=== Begin Enclosure ===

lemma derived_cosets_phi:
  assumes g: "g \<in> carrier G"
  shows "derived G (carrier G) #> \<phi> g = derived G (carrier G) #> g"
proof (cases "g \<in> moved")
  case True
  then have "\<phi> g = twist \<otimes> g" by (rule phi_moved(1))
  then show ?thesis unfolding derived_twist r_coset_def using g by auto
next
  case False
  then show ?thesis using g unfolding moved_iff by simp
qed

lemma squares_fixed:
  assumes g: "g \<in> carrier G"
  shows "g \<otimes> g \<in> fixed"
proof -
  have "\<phi> (g \<otimes> g) = g \<otimes> g"
  proof (cases "g \<in> moved")
    case True
    have "\<phi> (g \<otimes> g) = (twist \<otimes> g) \<otimes> (twist \<otimes> g)" using phi_mult[OF g g] phi_moved(1)[OF True] by simp
    also have "\<dots> = twist \<otimes> ((g \<otimes> twist) \<otimes> g)" using g by (simp add: m_assoc)
    also have "\<dots> = g \<otimes> g" using g twist_central[OF g, symmetric] by (simp add: m_assoc)
    finally show ?thesis .
  next
    case False
    then show ?thesis using g phi_mult[OF g g] unfolding moved_iff by simp
  qed
  then show ?thesis using g unfolding fixed_iff by simp
qed

end

section \<open>The two cases of the theorem\<close>

context group_involution
begin

lemma commutative_skew_cases:
  assumes two: "(2::'r::comm_ring_1) \<noteq> 0" and three: "(3::'r) \<noteq> 0" and R2_nonzero: "(R2::'r set) \<noteq> {0}"
    and noncomm: "\<not> comm_group G"
    and C1: "\<forall>g\<in>moved. \<forall>h\<in>moved.
      grp_ring_mult G (skew_gen 1 g) (skew_gen 1 h) = grp_ring_mult G (skew_gen 1 h) (skew_gen (1::'r) g)"
    and C2: "\<forall>x\<in>fixed. \<forall>k\<in>moved. \<forall>s\<in>(R2::'r set).
      grp_ring_mult G (single_elem x s) (skew_gen 1 k) = grp_ring_mult G (skew_gen 1 k) (single_elem x s)"
    and C3: "\<forall>x\<in>fixed. \<forall>y\<in>fixed. \<forall>s\<in>(R2::'r set). \<forall>t\<in>R2.
      grp_ring_mult G (single_elem x s) (single_elem y t) = grp_ring_mult G (single_elem y t) (single_elem x s)"
  shows "((\<forall>a\<in>generate G moved. \<forall>b\<in>generate G moved. a \<otimes> b = b \<otimes> a)
          \<and> (\<forall>r1\<in>(R2::'r set). \<forall>r2\<in>R2. r1 * r2 = 0))
    \<or> (CHAR('r) = 4 \<and> card (derived G (carrier G)) = 2
       \<and> (\<forall>g\<in>carrier G. derived G (carrier G) #> \<phi> g = derived G (carrier G) #> g)
       \<and> (\<forall>g\<in>carrier G. g \<otimes> g \<in> fixed)
       \<and> ((\<exists>r1\<in>(R2::'r set). \<exists>r2\<in>R2. r1 * r2 \<noteq> 0) \<longrightarrow> (\<forall>a\<in>fixed. \<forall>b\<in>fixed. a \<otimes> b = b \<otimes> a)))"
proof -
  obtain s0 :: 'r where s0: "s0 \<in> R2" "s0 \<noteq> 0" using R2_nonzero unfolding R2_def by auto
  have rel: "x \<otimes> k = k \<otimes> x \<or> (x \<otimes> k = \<phi> k \<otimes> x \<and> x \<otimes> \<phi> k = k \<otimes> x)"
    if "x \<in> fixed" "k \<in> moved" for x k
    using fixed_moved_relation[OF s0 that] C2 that s0 by blast
  have fixed_comm: "(\<exists>r1\<in>(R2::'r set). \<exists>r2\<in>R2. r1 * r2 \<noteq> 0) \<longrightarrow> (\<forall>a\<in>fixed. \<forall>b\<in>fixed. a \<otimes> b = b \<otimes> a)"
    using fixed_commute[OF C3] by blast
  show ?thesis
  proof (cases "\<forall>g\<in>moved. \<forall>h\<in>moved. g \<otimes> h = h \<otimes> g")
    case True
    have "moved \<subseteq> carrier G" using moved_carrier by blast
    then have K: "\<forall>a\<in>generate G moved. \<forall>b\<in>generate G moved. a \<otimes> b = b \<otimes> a"
      using generate_commute True by blast
    have "\<forall>r1\<in>(R2::'r set). \<forall>r2\<in>R2. r1 * r2 = 0"
      using fixed_comm comm_group_if_generated_and_fixed_commute[OF K] noncomm by blast
    then show ?thesis using K by blast
  next
    case False
    then obtain g0 h0 where g0: "g0 \<in> moved" and h0: "h0 \<in> moved" and nc: "g0 \<otimes> h0 \<noteq> h0 \<otimes> g0"
      by blast
    have pairs: "skew_pair g h \<and> (4::'r) = 0" if "g \<in> moved" "h \<in> moved" "g \<otimes> h \<noteq> h \<otimes> g" for g h
      using moved_pair_relation[OF two three rel that] C1 that by blast
    interpret twisted_involution G \<phi> g0 h0
      by unfold_locales (use pairs rel g0 h0 nc in auto)
    have "CHAR('r) = 4" using CHAR_eq_4[OF two three] pairs[OF g0 h0 nc] by blast
    then show ?thesis
      using card_derived derived_cosets_phi squares_fixed fixed_comm by blast
  qed
qed

lemma abelian_case_commutative:
  assumes K: "\<forall>a\<in>generate G moved. \<forall>b\<in>generate G moved. a \<otimes> b = b \<otimes> a"
    and R2_sq: "\<forall>r1\<in>(R2::'r::comm_ring_1 set). \<forall>r2\<in>R2. r1 * r2 = 0"
  shows "(\<forall>g\<in>moved. \<forall>h\<in>moved.
      grp_ring_mult G (skew_gen 1 g) (skew_gen 1 h) = grp_ring_mult G (skew_gen 1 h) (skew_gen (1::'r) g))
    \<and> (\<forall>x\<in>fixed. \<forall>k\<in>moved. \<forall>s\<in>(R2::'r set).
      grp_ring_mult G (single_elem x s) (skew_gen 1 k) = grp_ring_mult G (skew_gen 1 k) (single_elem x s))
    \<and> (\<forall>x\<in>fixed. \<forall>y\<in>fixed. \<forall>s\<in>(R2::'r set). \<forall>t\<in>R2.
      grp_ring_mult G (single_elem x s) (single_elem y t) = grp_ring_mult G (single_elem y t) (single_elem x s))"
proof (intro conjI ballI)
  have moved_K: "moved \<subseteq> generate G moved" by (auto intro: generate.incl)
  fix g h assume g: "g \<in> moved" and h: "h \<in> moved"
  have gc: "g \<in> carrier G" and hc: "h \<in> carrier G" using g h moved_carrier by auto
  have "h \<otimes> g = g \<otimes> h" "h \<otimes> \<phi> g = \<phi> g \<otimes> h" "\<phi> h \<otimes> g = g \<otimes> \<phi> h" "\<phi> h \<otimes> \<phi> g = \<phi> g \<otimes> \<phi> h"
    using K g h moved_phi moved_K by (meson subsetD)+
  then show "grp_ring_mult G (skew_gen 1 g) (skew_gen 1 h) = grp_ring_mult G (skew_gen 1 h) (skew_gen (1::'r) g)"
    by (simp add: fun_eq_iff mult_skew_gen_skew_gen gc hc algebra_simps)
next
  have moved_K: "moved \<subseteq> generate G moved" by (auto intro: generate.incl)
  have K_sub: "subgroup (generate G moved) G"
    by (rule generate_is_subgroup) (auto simp: moved_iff)
  fix x k s assume x: "x \<in> fixed" and k: "k \<in> moved" and s: "s \<in> (R2::'r set)"
  have xc: "x \<in> carrier G" and kc: "k \<in> carrier G" using x k fixed_carrier moved_carrier by auto
  show "grp_ring_mult G (single_elem x s) (skew_gen 1 k) = grp_ring_mult G (skew_gen 1 k) (single_elem x s)"
  proof (cases "x \<in> generate G moved")
    case True
    have "k \<otimes> x = x \<otimes> k" "\<phi> k \<otimes> x = x \<otimes> \<phi> k"
      using K True k moved_phi moved_K by (meson subsetD)+
    then show ?thesis by (simp add: fun_eq_iff mult_fixed_skew_gen mult_skew_gen_fixed xc kc)
  next
    case False
    have "x \<otimes> k \<in> fixed" "x \<otimes> \<phi> k \<in> fixed"
      using mult_notin_subgroup[OF K_sub xc False] k moved_phi moved_K xc kc fixed_iff_not_moved
      by (meson m_closed phi_closed subsetD)+
    then have "\<phi> k \<otimes> x = x \<otimes> k" "k \<otimes> x = x \<otimes> \<phi> k"
      using phi_mult[OF xc kc] phi_mult[OF xc phi_closed[OF kc]] x xc kc unfolding fixed_iff by auto
    then show ?thesis
      by (simp add: fun_eq_iff mult_fixed_skew_gen mult_skew_gen_fixed xc kc R2_swap[OF s])
  qed
next
  fix x y and s t :: 'r assume "x \<in> fixed" "y \<in> fixed" "s \<in> R2" "t \<in> R2"
  then show "grp_ring_mult G (single_elem x s) (single_elem y t) = grp_ring_mult G (single_elem y t) (single_elem x s)"
    using fixed_pair_commute_iff fixed_carrier R2_sq by blast
qed

lemma phi_in_derived_coset:
  assumes D: "derived G (carrier G) = {\<one>, c}" and c: "c \<in> carrier G"
    and cosets: "\<forall>g\<in>carrier G. derived G (carrier G) #> \<phi> g = derived G (carrier G) #> g"
    and g: "g \<in> moved"
  shows "\<phi> g = c \<otimes> g"
proof -
  have gc: "g \<in> carrier G" using g moved_carrier by simp
  have "\<phi> g \<in> derived G (carrier G) #> \<phi> g" using D gc unfolding r_coset_def by force
  then have "\<phi> g = g \<or> \<phi> g = c \<otimes> g" using cosets gc unfolding D r_coset_def by auto
  then show ?thesis using g unfolding moved_iff by auto
qed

=== End Enclosure ===

What to work on:
Using the listing above, locate the lines that hold "three" and copy each one.

Solution to the exercise:
  assumes two: "(2::'r::comm_ring_1) \<noteq> 0" and three: "(3::'r) \<noteq> 0" and R2_nonzero: "(R2::'r set) \<noteq> {0}"
      using moved_pair_relation[OF two three rel that] C1 that by blast
    have "CHAR('r) = 4" using CHAR_eq_4[OF two three] pairs[OF g0 h0 nc] by blast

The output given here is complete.